*Exercise description*:
Please print all of the records shown below, exactly as given.

(Dataset content Opens)

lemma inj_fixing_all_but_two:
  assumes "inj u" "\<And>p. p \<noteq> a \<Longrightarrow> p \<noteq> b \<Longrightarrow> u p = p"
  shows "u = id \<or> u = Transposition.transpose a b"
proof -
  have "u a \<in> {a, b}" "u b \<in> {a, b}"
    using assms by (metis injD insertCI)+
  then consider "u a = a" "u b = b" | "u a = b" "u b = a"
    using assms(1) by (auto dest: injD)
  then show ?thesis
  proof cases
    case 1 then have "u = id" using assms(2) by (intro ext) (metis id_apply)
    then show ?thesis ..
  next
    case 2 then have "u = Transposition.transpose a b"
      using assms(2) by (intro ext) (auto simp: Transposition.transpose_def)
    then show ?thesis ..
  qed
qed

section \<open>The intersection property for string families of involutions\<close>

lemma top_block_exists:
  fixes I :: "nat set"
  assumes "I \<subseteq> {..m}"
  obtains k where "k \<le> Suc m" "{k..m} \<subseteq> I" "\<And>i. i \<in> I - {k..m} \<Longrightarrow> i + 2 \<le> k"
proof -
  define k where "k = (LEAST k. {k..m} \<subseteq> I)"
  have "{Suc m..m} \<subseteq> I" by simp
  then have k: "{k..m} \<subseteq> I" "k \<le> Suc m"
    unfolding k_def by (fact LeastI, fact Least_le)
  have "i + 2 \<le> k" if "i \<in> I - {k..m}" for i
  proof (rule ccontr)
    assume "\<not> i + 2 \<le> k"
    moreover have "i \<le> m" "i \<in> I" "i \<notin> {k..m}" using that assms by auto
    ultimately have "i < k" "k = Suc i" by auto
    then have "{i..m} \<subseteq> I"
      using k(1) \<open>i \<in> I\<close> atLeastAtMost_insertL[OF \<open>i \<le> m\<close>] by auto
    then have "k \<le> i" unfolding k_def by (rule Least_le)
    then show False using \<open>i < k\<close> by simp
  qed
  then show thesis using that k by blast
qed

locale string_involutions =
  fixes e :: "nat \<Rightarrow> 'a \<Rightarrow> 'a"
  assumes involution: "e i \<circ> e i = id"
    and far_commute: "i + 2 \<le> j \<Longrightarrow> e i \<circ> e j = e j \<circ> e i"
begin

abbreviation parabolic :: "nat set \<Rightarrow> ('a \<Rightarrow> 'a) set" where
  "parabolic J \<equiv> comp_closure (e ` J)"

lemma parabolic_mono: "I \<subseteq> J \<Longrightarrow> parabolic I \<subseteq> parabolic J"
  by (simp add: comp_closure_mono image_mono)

(Dataset content Closes)

*Task output*:
lemma inj_fixing_all_but_two:
  assumes "inj u" "\<And>p. p \<noteq> a \<Longrightarrow> p \<noteq> b \<Longrightarrow> u p = p"
  shows "u = id \<or> u = Transposition.transpose a b"
proof -
  have "u a \<in> {a, b}" "u b \<in> {a, b}"
    using assms by (metis injD insertCI)+
  then consider "u a = a" "u b = b" | "u a = b" "u b = a"
    using assms(1) by (auto dest: injD)
  then show ?thesis
  proof cases
    case 1 then have "u = id" using assms(2) by (intro ext) (metis id_apply)
    then show ?thesis ..
  next
    case 2 then have "u = Transposition.transpose a b"
      using assms(2) by (intro ext) (auto simp: Transposition.transpose_def)
    then show ?thesis ..
  qed
qed

section \<open>The intersection property for string families of involutions\<close>

lemma top_block_exists:
  fixes I :: "nat set"
  assumes "I \<subseteq> {..m}"
  obtains k where "k \<le> Suc m" "{k..m} \<subseteq> I" "\<And>i. i \<in> I - {k..m} \<Longrightarrow> i + 2 \<le> k"
proof -
  define k where "k = (LEAST k. {k..m} \<subseteq> I)"
  have "{Suc m..m} \<subseteq> I" by simp
  then have k: "{k..m} \<subseteq> I" "k \<le> Suc m"
    unfolding k_def by (fact LeastI, fact Least_le)
  have "i + 2 \<le> k" if "i \<in> I - {k..m}" for i
  proof (rule ccontr)
    assume "\<not> i + 2 \<le> k"
    moreover have "i \<le> m" "i \<in> I" "i \<notin> {k..m}" using that assms by auto
    ultimately have "i < k" "k = Suc i" by auto
    then have "{i..m} \<subseteq> I"
      using k(1) \<open>i \<in> I\<close> atLeastAtMost_insertL[OF \<open>i \<le> m\<close>] by auto
    then have "k \<le> i" unfolding k_def by (rule Least_le)
    then show False using \<open>i < k\<close> by simp
  qed
  then show thesis using that k by blast
qed

locale string_involutions =
  fixes e :: "nat \<Rightarrow> 'a \<Rightarrow> 'a"
  assumes involution: "e i \<circ> e i = id"
    and far_commute: "i + 2 \<le> j \<Longrightarrow> e i \<circ> e j = e j \<circ> e i"
begin

abbreviation parabolic :: "nat set \<Rightarrow> ('a \<Rightarrow> 'a) set" where
  "parabolic J \<equiv> comp_closure (e ` J)"

lemma parabolic_mono: "I \<subseteq> J \<Longrightarrow> parabolic I \<subseteq> parabolic J"
  by (simp add: comp_closure_mono image_mono)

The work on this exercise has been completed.